### STUDY MATERIAL
lemma trunc_cbrt_eventually_exact:
  assumes "filterlim Kf at_top F" "filterlim Lf at_top F" "0 \<le> a" "0 \<le> b"
  shows "\<forall>\<^sub>F z in F. trunc_cbrt (Kf z) (Lf z) a b = root 3 (a\<^sup>2 * b)"
proof (cases "a = 0 \<or> b = 0")
  case True
  have "\<forall>\<^sub>F z in F. 0 \<le> Kf z" "\<forall>\<^sub>F z in F. 0 \<le> Lf z"
    using assms(1,2) unfolding filterlim_at_top by blast+
  then show ?thesis by eventually_elim (use True assms in \<open>auto simp: trunc_cbrt_def min_def\<close>)
next
  case False
  then have "0 < a" "0 < b" using assms by auto
  have "\<forall>\<^sub>F z in F. root 3 (a\<^sup>2 * b) / a \<le> Kf z" "\<forall>\<^sub>F z in F. root 3 (a\<^sup>2 * b) / b \<le> Lf z"
    using assms(1,2) unfolding filterlim_at_top by blast+
  then show ?thesis
    by eventually_elim (use \<open>0 < a\<close> \<open>0 < b\<close> in \<open>auto simp: trunc_cbrt_def min_def divide_le_eq mult.commute\<close>)
qed

text \<open>Where the limit \<open>root 3 (\<alpha>\<^sup>2 * \<beta>)\<close> is positive, both truncation levels eventually exceed it;
  where it vanishes, the truncation is squeezed between \<open>0\<close> and the untruncated cube root.\<close>

lemma trunc_cbrt_tendsto:
  assumes K: "filterlim Kf at_top F" and L: "filterlim Lf at_top F"
    and A: "(A \<longlongrightarrow> \<alpha>) F" and B: "(B \<longlongrightarrow> \<beta>) F"
    and nonneg: "\<And>z. 0 \<le> A z" "\<And>z. 0 \<le> B z" "0 \<le> \<alpha>" "0 \<le> \<beta>"
  shows "((\<lambda>z. trunc_cbrt (Kf z) (Lf z) (A z) (B z)) \<longlongrightarrow> root 3 (\<alpha>\<^sup>2 * \<beta>)) F"
proof -
  let ?r = "root 3 (\<alpha>\<^sup>2 * \<beta>)"
  have R: "((\<lambda>z. root 3 ((A z)\<^sup>2 * B z)) \<longlongrightarrow> ?r) F" using A B by (intro tendsto_intros)
  show ?thesis
  proof (cases "\<alpha> = 0 \<or> \<beta> = 0")
    case True
    then have r0: "?r = 0" by auto
    have "\<forall>\<^sub>F z in F. 0 \<le> Kf z" "\<forall>\<^sub>F z in F. 0 \<le> Lf z"
      using K L unfolding filterlim_at_top by blast+
    then have "\<forall>\<^sub>F z in F. 0 \<le> trunc_cbrt (Kf z) (Lf z) (A z) (B z)"
      by eventually_elim (simp add: trunc_cbrt_nonneg nonneg)
    moreover have "\<forall>\<^sub>F z in F. trunc_cbrt (Kf z) (Lf z) (A z) (B z) \<le> root 3 ((A z)\<^sup>2 * B z)"
      by (simp add: trunc_cbrt_def)
    ultimately show ?thesis
      unfolding r0 using tendsto_const R [unfolded r0] by (rule tendsto_sandwich)
  next
    case False
    then have "0 < \<alpha>" "0 < \<beta>" using nonneg(3,4) by auto
    have "filterlim (\<lambda>z. A z * Kf z) at_top F" "filterlim (\<lambda>z. B z * Lf z) at_top F"
      by (rule filterlim_tendsto_pos_mult_at_top [OF A \<open>0 < \<alpha>\<close> K],
          rule filterlim_tendsto_pos_mult_at_top [OF B \<open>0 < \<beta>\<close> L])
    then have "\<forall>\<^sub>F z in F. ?r + 1 \<le> A z * Kf z" "\<forall>\<^sub>F z in F. ?r + 1 \<le> B z * Lf z"
      unfolding filterlim_at_top by blast+
    moreover have "\<forall>\<^sub>F z in F. root 3 ((A z)\<^sup>2 * B z) < ?r + 1"
      using order_tendstoD(2) [OF R] by simp
    ultimately have "\<forall>\<^sub>F z in F. root 3 ((A z)\<^sup>2 * B z) = trunc_cbrt (Kf z) (Lf z) (A z) (B z)"
      by eventually_elim (simp add: trunc_cbrt_def min_def mult.commute)
    then show ?thesis by (rule Lim_transform_eventually [OF R])
  qed
qed

lemma root3_split: "root 3 (a\<^sup>2 * b) = root 3 (\<bar>a\<bar>\<^sup>2 * max b 0) - root 3 (\<bar>a\<bar>\<^sup>2 * max (- b) 0)"
  by (cases "0 \<le> b") (auto simp: max_def real_root_minus [symmetric])

lemma F1De_consistent:
  assumes "open U" "smooth_on U \<phi>" "x \<in> U"
  shows "((\<lambda>(h, y). F1De h \<phi> y) \<longlongrightarrow> F1D \<phi> x) (at_right 0 \<times>\<^sub>F nhds x)"
proof -
  let ?F = "at_right (0::real) \<times>\<^sub>F nhds x"
  let ?K = "\<lambda>z. fst z powr (-1/3)" and ?L = "\<lambda>z. fst z powr (-4/3)"
  have K: "filterlim ?K at_top ?F" and L: "filterlim ?L at_top ?F"
    by (rule filterlim_compose [OF _ filterlim_fst], real_asymp)+
  note lim = difference_quotients_tendsto [OF assms]
  have "((\<lambda>z. trunc_cbrt (?K z) (?L z) (- neg_uxh_minus (fst z) \<phi> (snd z)) (max (uxxh (fst z) \<phi> (snd z)) 0))
      \<longlongrightarrow> root 3 (\<bar>deriv \<phi> x\<bar>\<^sup>2 * max (deriv (deriv \<phi>) x) 0)) ?F"
    by (intro trunc_cbrt_tendsto K L lim tendsto_max tendsto_const) (simp_all add: neg_uxh_minus_def)
  moreover have "((\<lambda>z. trunc_cbrt (?K z) (?L z) (uxh_plus (fst z) \<phi> (snd z)) (max (- uxxh (fst z) \<phi> (snd z)) 0))
      \<longlongrightarrow> root 3 (\<bar>deriv \<phi> x\<bar>\<^sup>2 * max (- deriv (deriv \<phi>) x) 0)) ?F"
    by (intro trunc_cbrt_tendsto K L lim tendsto_max tendsto_minus tendsto_const) (simp_all add: uxh_plus_def)
  ultimately have "((\<lambda>z. F1De (fst z) \<phi> (snd z)) \<longlongrightarrow> F1D \<phi> x) ?F"
    unfolding F1De_def F1D_def root3_split [of "deriv \<phi> x"] by (simp add: F1D_scheme_eq tendsto_diff)
  then show ?thesis by (simp add: case_prod_beta')
qed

### ACTIVITY
Lines above that contain the string "longlongrightarrow" make up the answer.

### SOLUTION
    and A: "(A \<longlongrightarrow> \<alpha>) F" and B: "(B \<longlongrightarrow> \<beta>) F"
  shows "((\<lambda>z. trunc_cbrt (Kf z) (Lf z) (A z) (B z)) \<longlongrightarrow> root 3 (\<alpha>\<^sup>2 * \<beta>)) F"
  have R: "((\<lambda>z. root 3 ((A z)\<^sup>2 * B z)) \<longlongrightarrow> ?r) F" using A B by (intro tendsto_intros)
  shows "((\<lambda>(h, y). F1De h \<phi> y) \<longlongrightarrow> F1D \<phi> x) (at_right 0 \<times>\<^sub>F nhds x)"
      \<longlongrightarrow> root 3 (\<bar>deriv \<phi> x\<bar>\<^sup>2 * max (deriv (deriv \<phi>) x) 0)) ?F"
      \<longlongrightarrow> root 3 (\<bar>deriv \<phi> x\<bar>\<^sup>2 * max (- deriv (deriv \<phi>) x) 0)) ?F"
  ultimately have "((\<lambda>z. F1De (fst z) \<phi> (snd z)) \<longlongrightarrow> F1D \<phi> x) ?F"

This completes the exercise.